_What you should do_
In the records below, find the line holding "(n - k). gaps" and the line holding "- k) \<subseteq>". Set down both, with every line between them, exactly.
Record extracts section start
(* Let $n,k\ge0$ be integers, $R\subseteq[0,k]$ and $R^c=[0,k]\setminus R$. Define $$\binom{n}{k,R}=\#\bigl\{\{s_1<s_2<\dots<s_k\}\subseteq[n] : s_{i+1}=s_i+1\text{ for all } i\in R\bigr\},$$ with the conventions $s_0=0$ and $s_{k+1}=n+1$. Then $$\binom{n}{k,R}=\sum_{\ell\ge0}(-1)^{\ell-k}\binom{\ell}{k,R^c}\binom{n}{\ell},$$ where $\binom{n}{\ell}$ is the ordinary binomial coefficient.
   Context: $[n]=\{1,\dots,n\}$ and $[0,k]=\{0,1,\dots,k\}$. *)

theory Defs
  imports Complex_Main
begin

definition spt :: "nat \<Rightarrow> nat \<Rightarrow> nat set \<Rightarrow> nat \<Rightarrow> nat" where
  "spt n k S i = (if i = 0 then 0 else if i = k + 1 then n + 1
                  else sorted_list_of_set S ! (i - 1))"

definition binomR :: "nat \<Rightarrow> nat \<Rightarrow> nat set \<Rightarrow> nat" where
  "binomR n k R = card {S. S \<subseteq> {1..n} \<and> card S = k \<and>
      (\<forall>i\<in>R. spt n k S (Suc i) = spt n k S i + 1)}"

end

theory Submission
  imports Defs "HOL-Library.Multiset" "HOL-Computational_Algebra.Formal_Power_Series"
begin

(*
  A k-subset s_1 < ... < s_k of [n] is determined by its gaps g_i = s_{i+1} - s_i - 1
  (0 \<le> i \<le> k, with s_0 = 0 and s_{k+1} = n + 1), which form a weak composition of n - k
  into k + 1 parts; the condition s_{i+1} = s_i + 1 says exactly that g_i = 0.  Hence the
  subsets counted by binomR n k R correspond to weak compositions of n - k supported on R^c,
  i.e. to multisets of size n - k over R^c, and binomR n k R = ((|R^c| + n - k - 1) choose (n - k)).
  Since |R| + |R^c| = k + 1, substituting l = k + j turns the claimed identity into
  sum_j (-|R| gchoose j) (n choose (n - k - j)) = ((n - |R|) gchoose (n - k)),
  which is the Chu--Vandermonde identity.
*)

definition weak_compositions :: "'a set \<Rightarrow> nat \<Rightarrow> ('a \<Rightarrow> nat) set" where
  "weak_compositions A N = {g. (\<forall>i. i \<notin> A \<longrightarrow> g i = 0) \<and> sum g A = N}"

lemma finite_support_weak_compositions:
  assumes "finite A" "g \<in> weak_compositions A N"
  shows "finite {x. 0 < g x}"
proof -
  have "{x. 0 < g x} \<subseteq> A"
    using assms(2) by (auto simp: weak_compositions_def)
  then show ?thesis
    using assms(1) by (rule finite_subset)
qed

lemma size_eq_sum_count:
  assumes "finite A" "set_mset M \<subseteq> A"
  shows "size M = sum (count M) A"
proof -
  have "sum (count M) A = sum (count M) (set_mset M)"
    using assms by (intro sum.mono_neutral_right) (auto simp: not_in_iff)
  then show ?thesis
    by (metis size_multiset_overloaded_eq)
qed

lemma bij_betw_count_weak_compositions:
  assumes "finite A"
  shows "bij_betw count (multisets_of_size A N) (weak_compositions A N)"
proof (rule bij_betw_byWitness[where f' = Abs_multiset])
  show "\<forall>M\<in>multisets_of_size A N. Abs_multiset (count M) = M"
    by simp
  show "\<forall>g\<in>weak_compositions A N. count (Abs_multiset g) = g"
    using finite_support_weak_compositions[OF assms] by simp
  show "count ` multisets_of_size A N \<subseteq> weak_compositions A N"
    using assms by (auto simp: multisets_of_size_def weak_compositions_def size_eq_sum_count not_in_iff)
  show "Abs_multiset ` weak_compositions A N \<subseteq> multisets_of_size A N"
  proof
    fix M assume "M \<in> Abs_multiset ` weak_compositions A N"
    then obtain g where g: "g \<in> weak_compositions A N" and M: "M = Abs_multiset g" by blast
    then have "count M = g"
      using finite_support_weak_compositions[OF assms] by (simp add: M)
    moreover have "set_mset M \<subseteq> A"
      using g \<open>count M = g\<close> by (auto simp: weak_compositions_def not_in_iff[symmetric])
    ultimately show "M \<in> multisets_of_size A N"
      using g assms by (simp add: multisets_of_size_def weak_compositions_def size_eq_sum_count)
  qed
qed

lemma card_weak_compositions:
  assumes "finite A"
  shows "card (weak_compositions A N) = (card A + N - 1) choose N"
  using bij_betw_same_card[OF bij_betw_count_weak_compositions[OF assms]]
    card_multisets_of_size[OF assms] by simp

definition binomR_set :: "nat \<Rightarrow> nat \<Rightarrow> nat set \<Rightarrow> nat set set" where
  "binomR_set n k R = {S. S \<subseteq> {1..n} \<and> card S = k \<and> (\<forall>i\<in>R. spt n k S (Suc i) = spt n k S i + 1)}"

lemma binomR_eq_card_binomR_set: "binomR n k R = card (binomR_set n k R)"
  by (simp add: binomR_def binomR_set_def)

definition gaps :: "nat \<Rightarrow> nat \<Rightarrow> nat set \<Rightarrow> nat \<Rightarrow> nat" where
  "gaps n k S i = (if i \<le> k then spt n k S (Suc i) - spt n k S i - 1 else 0)"

definition gap_positions :: "(nat \<Rightarrow> nat) \<Rightarrow> nat \<Rightarrow> nat" where
  "gap_positions g i = sum g {..<i} + i"

lemma gap_positions_0 [simp]: "gap_positions g 0 = 0"
  by (simp add: gap_positions_def)

lemma gap_positions_Suc [simp]: "gap_positions g (Suc i) = gap_positions g i + g i + 1"
  by (simp add: gap_positions_def)

lemma strict_mono_gap_positions: "strict_mono (gap_positions g)"
  by (simp add: strict_mono_Suc_iff)

lemma spt_less_spt_Suc:
  assumes S: "S \<subseteq> {1..n}" "card S = k" and i: "i \<le> k"
  shows "spt n k S i < spt n k S (Suc i)"
proof -
  let ?xs = "sorted_list_of_set S"
  have len: "length ?xs = k" using S by simp
  have mem: "?xs ! j \<in> {1..n}" if "j < k" for j
  proof -
    have "?xs ! j \<in> set ?xs"
      using that len by simp
    then show ?thesis
      using S(1) finite_subset[OF S(1)] by auto
  qed
  consider "i = 0" | "i = k" "0 < i" | "0 < i" "i < k"
    using i by linarith
  then show ?thesis
  proof cases
    case 1
    then show ?thesis using mem[of 0] by (cases k) (auto simp: spt_def)
  next
    case 2
    then show ?thesis using mem[of "k - 1"] by (auto simp: spt_def)
  next
    case 3
    then have "?xs ! (i - 1) < ?xs ! i"
      using sorted_wrt_nth_less[OF strict_sorted_list_of_set[of S]] len by simp
    then show ?thesis using 3 by (simp add: spt_def)
  qed
qed

lemma gap_positions_gaps:
  assumes S: "S \<subseteq> {1..n}" "card S = k" and i: "i \<le> Suc k"
  shows "gap_positions (gaps n k S) i = spt n k S i"
  using i
proof (induction i)
  case 0
  then show ?case by (simp add: spt_def)
next
  case (Suc i)
  then show ?case using spt_less_spt_Suc[OF S, of i] by (simp add: gaps_def)
qed

lemma sum_gaps:
  assumes "S \<subseteq> {1..n}" "card S = k"
  shows "sum (gaps n k S) {..k} = n - k"
  using gap_positions_gaps[OF assms, of "Suc k"]
  by (simp add: gap_positions_def spt_def lessThan_Suc_atMost)

lemma image_gap_positions_gaps:
  assumes S: "S \<subseteq> {1..n}" "card S = k"
  shows "gap_positions (gaps n k S) ` {1..k} = S"
proof -
  let ?xs = "sorted_list_of_set S"
  have len: "length ?xs = k"
    using S by simp
  have "gap_positions (gaps n k S) ` {1..k} = spt n k S ` {1..k}"
    using gap_positions_gaps[OF S] by (intro image_cong) auto
  also have "\<dots> = (\<lambda>j. ?xs ! j) ` {..<k}"
    unfolding image_Suc_lessThan[symmetric] image_image by (intro image_cong) (auto simp: spt_def)
  also have "\<dots> = set ?xs"
    using len by (simp add: atLeast0LessThan[symmetric] nth_image)
  also have "\<dots> = S"
    using finite_subset[OF S(1)] by simp
  finally show ?thesis .
qed

lemma sorted_list_of_set_image_gap_positions:
  "sorted_list_of_set (gap_positions g ` {1..k}) = map (gap_positions g) [1..<Suc k]"
proof (rule strict_sorted_equal)
  show "sorted_wrt (<) (map (gap_positions g) [1..<Suc k])"
    using strict_mono_gap_positions[of g]
    by (auto simp del: upt_Suc gap_positions_Suc simp: sorted_wrt_map sorted_wrt_iff_nth_less strict_mono_def)
qed auto

lemma spt_image_gap_positions:
  assumes "i \<le> k"
  shows "spt n k (gap_positions g ` {1..k}) i = gap_positions g i"
proof (cases "i = 0")
  case False
  then have "sorted_list_of_set (gap_positions g ` {1..k}) ! (i - 1) = gap_positions g i"
    using assms unfolding sorted_list_of_set_image_gap_positions by (simp del: upt_Suc gap_positions_Suc)
  then show ?thesis
    using assms False by (simp add: spt_def)
qed (simp add: spt_def)

lemma gaps_in_weak_compositions:
  assumes "S \<in> binomR_set n k R"
  shows "gaps n k S \<in> weak_compositions ({0..k} - R) (n - k)"
proof -
  from assms have S: "S \<subseteq> {1..n}" "card S = k"
    and adjacent: "\<forall>i\<in>R. spt n k S (Suc i) = spt n k S i + 1"
    by (auto simp: binomR_set_def)
  have vanish: "\<forall>i. i \<notin> {0..k} - R \<longrightarrow> gaps n k S i = 0"
    using adjacent by (auto simp: gaps_def)
  then have "sum (gaps n k S) ({0..k} - R) = sum (gaps n k S) {..k}"
    by (intro sum.mono_neutral_left) auto
  then show ?thesis
    using vanish sum_gaps[OF S] by (simp add: weak_compositions_def)
qed

lemma gap_positions_Suc_weak_compositions:
  assumes "R \<subseteq> {0..k}" "k \<le> n" "g \<in> weak_compositions ({0..k} - R) (n - k)"
  shows "gap_positions g (Suc k) = n + 1"
proof -
  have "sum g {..k} = sum g ({0..k} - R)"
    using assms by (intro sum.mono_neutral_right) (auto simp: weak_compositions_def)
  then show ?thesis
    using assms by (simp add: gap_positions_def lessThan_Suc_atMost weak_compositions_def)
qed

lemma spt_image_gap_positions_weak_compositions:
  assumes "R \<subseteq> {0..k}" "k \<le> n" "g \<in> weak_compositions ({0..k} - R) (n - k)" "i \<le> Suc k"
  shows "spt n k (gap_positions g ` {1..k}) i = gap_positions g i"
proof (cases "i = Suc k")
  case True
  then show ?thesis
    using gap_positions_Suc_weak_compositions[OF assms(1-3)] by (simp add: spt_def)
next
  case False
  with assms(4) have "i \<le> k" by simp
  then show ?thesis by (rule spt_image_gap_positions)
qed

lemma image_gap_positions_in_binomR_set:
  assumes R: "R \<subseteq> {0..k}" and kn: "k \<le> n" and g: "g \<in> weak_compositions ({0..k} - R) (n - k)"
  shows "gap_positions g ` {1..k} \<in> binomR_set n k R"
proof -
  let ?S = "gap_positions g ` {1..k}"
  note spt = spt_image_gap_positions_weak_compositions[OF R kn g]
  have "?S \<subseteq> {1..n}"
  proof
    fix x assume "x \<in> ?S"
    then obtain i where i: "i \<in> {1..k}" "x = gap_positions g i" by auto
    then have "gap_positions g 0 < x" "x < gap_positions g (Suc k)"
      using strict_monoD[OF strict_mono_gap_positions, of 0 i g]
        strict_monoD[OF strict_mono_gap_positions, of i "Suc k" g]
      by (simp_all del: gap_positions_0 gap_positions_Suc)
    then show "x \<in> {1..n}"
      using gap_positions_Suc_weak_compositions[OF R kn g] by simp
  qed
  moreover have "card ?S = k"
    using strict_mono_imp_inj_on[OF strict_mono_gap_positions] by (simp add: card_image)
  moreover have "spt n k ?S (Suc i) = spt n k ?S i + 1" if "i \<in> R" for i
  proof -
    have "g i = 0" using g that by (auto simp: weak_compositions_def)
    then show ?thesis using spt[of i] spt[of "Suc i"] that R by auto
  qed
  ultimately show ?thesis by (simp add: binomR_set_def)
qed

lemma gaps_image_gap_positions:
  assumes R: "R \<subseteq> {0..k}" and kn: "k \<le> n" and g: "g \<in> weak_compositions ({0..k} - R) (n - k)"
  shows "gaps n k (gap_positions g ` {1..k}) = g"
proof
  fix i
  note spt = spt_image_gap_positions_weak_compositions[OF R kn g]
  show "gaps n k (gap_positions g ` {1..k}) i = g i"
  proof (cases "i \<le> k")
    case True
    then show ?thesis using spt[of i] spt[of "Suc i"] by (simp add: gaps_def)
  next
    case False
    then show ?thesis using g by (simp add: gaps_def weak_compositions_def)
  qed
qed

lemma bij_betw_gaps_weak_compositions:
  assumes "R \<subseteq> {0..k}" "k \<le> n"
  shows "bij_betw (gaps n k) (binomR_set n k R) (weak_compositions ({0..k} - R) (n - k))"
proof (rule bij_betw_byWitness[where f' = "\<lambda>g. gap_positions g ` {1..k}"])
  show "\<forall>S\<in>binomR_set n k R. gap_positions (gaps n k S) ` {1..k} = S"
    unfolding binomR_set_def using image_gap_positions_gaps by blast
  show "\<forall>g\<in>weak_compositions ({0..k} - R) (n - k). gaps n k (gap_positions g ` {1..k}) = g"
    using gaps_image_gap_positions[OF assms] by blast
  show "gaps n k ` binomR_set n k R \<subseteq> weak_compositions ({0..k} - R) (n - k)"
    using gaps_in_weak_compositions by blast
  show "(\<lambda>g. gap_positions g ` {1..k}) ` weak_compositions ({0..k} - R) (n - k) \<subseteq> binomR_set n k R"
    using image_gap_positions_in_binomR_set[OF assms] by blast
qed

lemma binomR_eq_choose:
  assumes "R \<subseteq> {0..k}"
  shows "binomR n k R = (if k \<le> n then (card ({0..k} - R) + (n - k) - 1) choose (n - k) else 0)"
proof (cases "k \<le> n")
  case True
  then show ?thesis
    using bij_betw_same_card[OF bij_betw_gaps_weak_compositions[OF assms True]]
    by (simp add: binomR_eq_card_binomR_set card_weak_compositions)
next
  case False
  have "binomR_set n k R = {}"
    using False card_mono[of "{1..n}"] by (fastforce simp: binomR_set_def)
  then show ?thesis
    using False by (simp add: binomR_eq_card_binomR_set)
qed

lemma of_nat_multichoose_eq_gbinomial:
  "(of_nat ((m + j - 1) choose j) :: 'a :: field_char_0) = (of_nat m + of_nat j - 1) gchoose j"
proof (cases "m + j")
  case 0
  then show ?thesis by simp
next
  case (Suc p)
  then have "(of_nat m + of_nat j - 1 :: 'a) = of_nat (m + j - 1)"
    by (simp flip: of_nat_add)
  then show ?thesis
    by (simp add: binomial_gbinomial)
qed

lemma alternating_sum_multichoose_choose:
  assumes mm: "m + m' = Suc k" and kn: "k \<le> n"
  shows "real ((m + (n - k) - 1) choose (n - k)) =
    (\<Sum>l\<in>{0..n}. (-1::real) powi (int l - int k) *
       real (if k \<le> l then (m' + (l - k) - 1) choose (l - k) else 0) * real (n choose l))"
    (is "_ = sum ?t _")
proof -
  let ?N = "n - k"
  have "sum ?t {0..n} = sum ?t {k..n}"
    using kn by (intro sum.mono_neutral_right) auto
  also have "\<dots> = (\<Sum>j\<in>{0..?N}. ?t (j + k))"
    using sum.shift_bounds_cl_nat_ivl[of ?t 0 k ?N] kn by simp
  also have "\<dots> = (\<Sum>j\<in>{0..?N}. (- real m' gchoose j) * (real n gchoose (?N - j)))"
  proof (rule sum.cong)
    fix j assume j: "j \<in> {0..?N}"
    have "j + k \<le> n"
      using j kn by simp
    then have "n choose (j + k) = n choose (?N - j)"
      by (subst binomial_symmetric) (simp_all add: diff_diff_left add.commute)
    then have "real (n choose (j + k)) = real n gchoose (?N - j)"
      by (simp add: binomial_gbinomial)
    moreover have "(- real m' gchoose j) = (-1) ^ j * ((real m' + real j - 1) gchoose j)"
      by (subst gbinomial_negated_upper) (simp add: add.commute)
    ultimately show "?t (j + k) = (- real m' gchoose j) * (real n gchoose (?N - j))"
      using of_nat_multichoose_eq_gbinomial[of m' j, where 'a = real] by simp
  qed simp
  also have "\<dots> = (- real m' + real n) gchoose ?N"
    by (rule gbinomial_Vandermonde)
  also have "\<dots> = real ((m + ?N - 1) choose ?N)"
  proof -
    have "- real m' + real n = real m + real ?N - 1"
      using mm kn by simp
    then show ?thesis
      using of_nat_multichoose_eq_gbinomial[of m ?N, where 'a = real] by simp
  qed
  finally show ?thesis
    by (rule sym)
qed

theorem mainTheorem9:
  fixes n k :: nat and R :: "nat set"
  assumes "R \<subseteq> {0..k}"
  shows "real (binomR n k R) =
    (\<Sum>l\<in>{0..n}. (-1::real) powi (int l - int k) * real (binomR l k ({0..k} - R)) * real (n choose l))"
proof -
  have "{0..k} - ({0..k} - R) = R"
    using assms by auto
  then have complement: "binomR l k ({0..k} - R) =
      (if k \<le> l then (card R + (l - k) - 1) choose (l - k) else 0)" for l
    using binomR_eq_choose[of "{0..k} - R" k l] by simp
  have card: "card ({0..k} - R) + card R = Suc k"
    using assms card_mono[OF _ assms] by (simp add: card_Diff_subset finite_subset)
  show ?thesis
  proof (cases "k \<le> n")
    case True
    then show ?thesis
      using alternating_sum_multichoose_choose[OF card True]
      by (simp add: binomR_eq_choose[OF assms] complement)
  next
    case False
    then have "binomR l k ({0..k} - R) = 0" if "l \<in> {0..n}" for l
      using that by (simp add: complement)
    then show ?thesis
      using False by (simp add: binomR_eq_choose[OF assms])
  qed
qed

end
Record extracts section end
_Answer to this exercise_
  show "\<forall>g\<in>weak_compositions ({0..k} - R) (n - k). gaps n k (gap_positions g ` {1..k}) = g"
    using gaps_image_gap_positions[OF assms] by blast
  show "gaps n k ` binomR_set n k R \<subseteq> weak_compositions ({0..k} - R) (n - k)"
    using gaps_in_weak_compositions by blast
  show "(\<lambda>g. gap_positions g ` {1..k}) ` weak_compositions ({0..k} - R) (n - k) \<subseteq> binomR_set n k R"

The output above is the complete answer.